PARIS — As the London 2012 Olympic Games continue in full swing, Adidas AG, the event’s official sportswear partner, raised its profit forecast for the year.
The Herzogenaurach, Germany-based company on Thursday reported a 17.9 percent increase in second-quarter net profits to 165 million euros, or $212 million. Driven by double-digit sales increases in retail and other businesses, group revenues in the three months ended June 30 rose 14.8 percent to 3.52 billion euros, or $4.52 billion.
Company net profits in the first half gained 30.1 percent to 455 million euros, or $590.5 million. Its sales in the period increased 16 percent to 7.34 billion euros, or $9.52 billion.
Dollar figures are converted at average exchange rates for the periods to which they refer.
“We have delivered another winning financial performance in the first half of 2012. Our clear victory in the summer of football, our increased operating margin and our excellent inventory management show we have the right formula to preserve and sustain our positive earnings and cash-flow trajectory,” stated Herbert Hainer, Adidas Group chief executive officer.
Adidas, which is the world’s second-largest sporting goods manufacturer after Nike Inc., now expects its 2012 net profits will increase 15 percent to 17 percent, to reach between 770 million euros and 785 million euros, or $946.6 million and $965 million at current exchange. The company had formerly forecast an annual net profit gain of 12 percent to 17 percent.
Adidas, which in April raised its sales guidance for the year, reiterated it expects revenues to increase almost 10 percent on a currency-neutral basis.
In separate news from Shanghai, Chinese manufacturers are threatening to take legal action against Adidas-Salomon AG over the German sportswear brand’s decision to close its last wholly-owned factory on the Mainland as well as end contracts with five of its suppliers in the country.
Shanghai Manlang Textile Co. Ltd. says Adidas did not provide enough advanced notice prior to ending its business with the manufacturer. Sun Yingli, founder of Shanghai Manlang Textile, said Adidas “abruptly” terminated its contract with her factory in April. “According to the agreement, there would be no change in our cooperation before 2015,” she said, adding that if Adidas were to cancel its contract, the brand agreed to give six months notice so that suppliers could look for other clients.
Yingli said Adidas makes up nearly 30 percent of the factory’s business and the manufacturer has invested in machinery that is specialized for Adidas products.
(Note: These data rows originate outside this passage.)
(* Let $n,m,N$ be positive integers, let $A_0,\ldots,A_m\in\mathbb{R}^{n\times n}$, let $\tau_0=0$ and $\tau_1,\ldots,\tau_m>0$, and put $\tau_{\max}=\max_i\tau_i$. Let $\theta_{N,-N},\ldots,\theta_{N,0}$ be $N+1$ distinct points of $[-\tau_{\max},0]$ with $\theta_{N,0}=0$, let $l_{N,k}$ ($k=-N,\ldots,0$) be the corresponding Lagrange polynomials of degree $N$ ($l_{N,k}(\theta_{N,i})=1$ if $i=k$ and $0$ otherwise), and let $d_{i,k}=l_{N,k}'(\theta_{N,i})$. Define the $(N+1)n\times(N+1)n$ block matrix ${\bf A_N}$ whose block rows indexed by $i=-N,\ldots,-1$ are $[d_{i,-N}I_n\ \cdots\ d_{i,-1}I_n\ \ d_{i,0}I_n]$ and whose last block row is $[\Gamma_{-N}\ \cdots\ \Gamma_{-1}\ \Gamma_0]$, where $\Gamma_0=A_0+\sum_{l=1}^m A_l\,l_{N,0}(-\tau_l)$ and $\Gamma_k=\sum_{l=1}^m A_l\,l_{N,k}(-\tau_l)$ for $k=-N,\ldots,-1$; and let ${\bf B_N}=[0_n\ \cdots\ 0_n\ I_n]^*\in\mathbb{R}^{(N+1)n\times n}$. For $\lambda\in\mathbb{C}$ let $p_N(\cdot;\lambda)$ be the polynomial of degree (at most) $N$ with $p_N(0;\lambda)=1$ and $p_N'(\theta_{N,i};\lambda)=\lambda\,p_N(\theta_{N,i};\lambda)$ for $i=-N,\ldots,-1$. Then, as matrix-valued functions of $\lambda$ (at every $\lambda$ where both sides are defined), $$ {\bf B_N}^*(\lambda I_{(N+1)n}-{\bf A_N})^{-1}{\bf B_N}=\Big(\lambda I_n-A_0-\sum_{i=1}^m A_i\,p_N(-\tau_i;\lambda)\Big)^{-1}. $$
   Context: ${\bf A_N},{\bf B_N}$ describe a spectral (collocation) discretization of the delay system $\dot x(t)=\sum_{i=0}^m A_ix(t-\tau_i)+u(t)$, $y=x$. The superscript $*$ denotes conjugate transpose. *)

theory Defs
  imports "Jordan_Normal_Form.Matrix" "HOL-Computational_Algebra.Polynomial"
begin

definition lagrange :: "(int \<Rightarrow> real) \<Rightarrow> nat \<Rightarrow> int \<Rightarrow> real poly" where
  "lagrange \<theta> N k =
     (\<Prod>j\<in>{-int N..0} - {k}. smult (1 / (\<theta> k - \<theta> j)) [:- \<theta> j, 1:])"

definition dcoef :: "(int \<Rightarrow> real) \<Rightarrow> nat \<Rightarrow> int \<Rightarrow> int \<Rightarrow> real" where
  "dcoef \<theta> N i k = poly (pderiv (lagrange \<theta> N k)) (\<theta> i)"

definition Gamma :: "nat \<Rightarrow> nat \<Rightarrow> (nat \<Rightarrow> real mat) \<Rightarrow> (nat \<Rightarrow> real)
     \<Rightarrow> (int \<Rightarrow> real) \<Rightarrow> nat \<Rightarrow> int \<Rightarrow> real mat" where
  "Gamma n m A \<tau> \<theta> N k = mat n n (\<lambda>(s,t).
      (if k = 0 then A 0 $$ (s,t) else 0)
      + (\<Sum>l\<in>{1..m}. poly (lagrange \<theta> N k) (- \<tau> l) * A l $$ (s,t)))"

(* A_N: block (r,c), r,c in {0..N}, corresponds to paper's block (r-N, c-N) *)
definition AN :: "nat \<Rightarrow> nat \<Rightarrow> (nat \<Rightarrow> real mat) \<Rightarrow> (nat \<Rightarrow> real)
     \<Rightarrow> (int \<Rightarrow> real) \<Rightarrow> nat \<Rightarrow> real mat" where
  "AN n m A \<tau> \<theta> N = mat ((N+1)*n) ((N+1)*n) (\<lambda>(a,b).
      let r = a div n; s = a mod n; c = b div n; t = b mod n;
          i = int r - int N; k = int c - int N
      in if r < N then (if s = t then dcoef \<theta> N i k else 0)
         else Gamma n m A \<tau> \<theta> N k $$ (s,t))"

definition BN :: "nat \<Rightarrow> nat \<Rightarrow> real mat" where
  "BN n N = mat ((N+1)*n) n (\<lambda>(a,b). if a div n = N \<and> a mod n = b then 1 else 0)"

definition pN_cond :: "(int \<Rightarrow> real) \<Rightarrow> nat \<Rightarrow> complex \<Rightarrow> complex poly \<Rightarrow> bool" where
  "pN_cond \<theta> N lam p \<longleftrightarrow> degree p \<le> N \<and> poly p 0 = 1 \<and>
     (\<forall>i\<in>{-int N..-1}. poly (pderiv p) (complex_of_real (\<theta> i))
                         = lam * poly p (complex_of_real (\<theta> i)))"

definition pN :: "(int \<Rightarrow> real) \<Rightarrow> nat \<Rightarrow> complex \<Rightarrow> complex poly" where
  "pN \<theta> N lam = (THE p. pN_cond \<theta> N lam p)"

definition cmat :: "real mat \<Rightarrow> complex mat" where
  "cmat M = map_mat complex_of_real M"

definition charM :: "nat \<Rightarrow> nat \<Rightarrow> (nat \<Rightarrow> real mat) \<Rightarrow> (nat \<Rightarrow> real)
     \<Rightarrow> (int \<Rightarrow> real) \<Rightarrow> nat \<Rightarrow> complex \<Rightarrow> complex mat" where
  "charM n m A \<tau> \<theta> N lam = mat n n (\<lambda>(s,t).
      (if s = t then lam else 0) - complex_of_real (A 0 $$ (s,t))
      - (\<Sum>i\<in>{1..m}. complex_of_real (A i $$ (s,t)) * poly (pN \<theta> N lam) (- complex_of_real (\<tau> i))))"

definition is_inverse :: "complex mat \<Rightarrow> complex mat \<Rightarrow> bool" where
  "is_inverse R X \<longleftrightarrow> X * R = 1\<^sub>m (dim_row X) \<and> R * X = 1\<^sub>m (dim_row X)"

end

theory Submission
  imports Defs
begin

(* Let p = p_N(.; lam) and let X be the block column whose k-th block is p(theta_k) R2, where R2 is
   the inverse of lam I - A_0 - sum_i A_i p(-tau_i). As deg p <= N, p is its own Lagrange
   interpolant on the nodes, so the first N block rows of A_N X are p'(theta_i) R2 = lam p(theta_i) R2
   and, since p(0) = 1, the last one is (A_0 + sum_i A_i p(-tau_i)) R2. Hence (lam I - A_N) X = B_N,
   so R1 B_N = X and B_N^* R1 B_N, the last block of X, is R2. *)

lemma poly_map_poly_of_real [simp]:
  "poly (map_poly of_real p) (of_real x) = (of_real (poly p x) :: 'a :: {real_algebra_1, comm_ring})"
  by (induction p) (auto simp: map_poly_pCons)

lemma pderiv_map_poly_of_real:
  "pderiv (map_poly of_real p) = (map_poly of_real (pderiv p) :: 'a :: {real_algebra_1, idom} poly)"
  by (rule poly_eqI) (simp add: coeff_pderiv coeff_map_poly)

lemma pderiv_sum: "pderiv (sum f S) = (\<Sum>x\<in>S. pderiv (f x))"
  using higher_pderiv_sum[of 1 f S] by simp

lemma degree_lagrange_le:
  assumes "k \<in> {-int N..0}"
  shows "degree (lagrange \<theta> N k) \<le> N"
proof -
  have "degree (lagrange \<theta> N k) \<le> (\<Sum>j\<in>{-int N..0} - {k}. 1)"
    unfolding lagrange_def by (rule order.trans[OF degree_prod_sum_le], simp, rule sum_mono, simp)
  with assms show ?thesis by simp
qed

lemma poly_lagrange_node:
  assumes inj: "inj_on \<theta> {-int N..0}" and "j \<in> {-int N..0}" "k \<in> {-int N..0}"
  shows "poly (lagrange \<theta> N k) (\<theta> j) = (if j = k then 1 else 0)"
proof (cases "j = k")
  case True
  have "poly (lagrange \<theta> N k) (\<theta> k) = (\<Prod>i\<in>{-int N..0} - {k}. 1)"
    unfolding lagrange_def poly_prod
  proof (intro prod.cong refl)
    fix i assume "i \<in> {-int N..0} - {k}"
    then have "\<theta> k \<noteq> \<theta> i"
      using assms inj_onD[OF inj, of k i] by auto
    then show "poly (smult (1 / (\<theta> k - \<theta> i)) [:- \<theta> i, 1:]) (\<theta> k) = 1"
      by (simp add: diff_divide_distrib[symmetric])
  qed
  with True show ?thesis by simp
next
  case False
  then have "poly (lagrange \<theta> N k) (\<theta> j) = 0"
    unfolding lagrange_def poly_prod using assms by (intro prod_zero bexI[of _ j]) auto
  with False show ?thesis by simp
qed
She said the factory had also signed labor agreements with workers until 2015. “Adidas requires a high degree of stability from their suppliers,” she said. “We have to make sure we are prepared.”
Adidas said it has “given fair and proper legal notice” to its partners and suppliers for the termination of contracts. “We have fulfilled all of our contractual obligations but will nevertheless support supplier partners with consultative advice in their communication and transition plans,” the company said in a statement.
Yingli said Shanghai Manlang Textile has been contacted by Adidas to negotiate compensation, but if both sides cannot reach an agreement, the supplier may take legal action.
Last week, Adidas said it would close its factory in Suzhou, a city outside of Shanghai, in an effort to give the company a “consistent sourcing structure, which will help us to leverage scale and reduce complexity,” the sportswear brand said. The Suzhou manufacturing center has 160 employees.
Adidas said it is not relocating the factory to another market, such as Vietnam and Cambodia, which are becoming increasingly competitive outsourcing hubs for brands as labor costs increase on the Mainland. “China has been and will remain a key sourcing market for the Adidas Group,” the company said. “Adidas partners with more than 300 supplier factories in China, and our commitment to China remains.”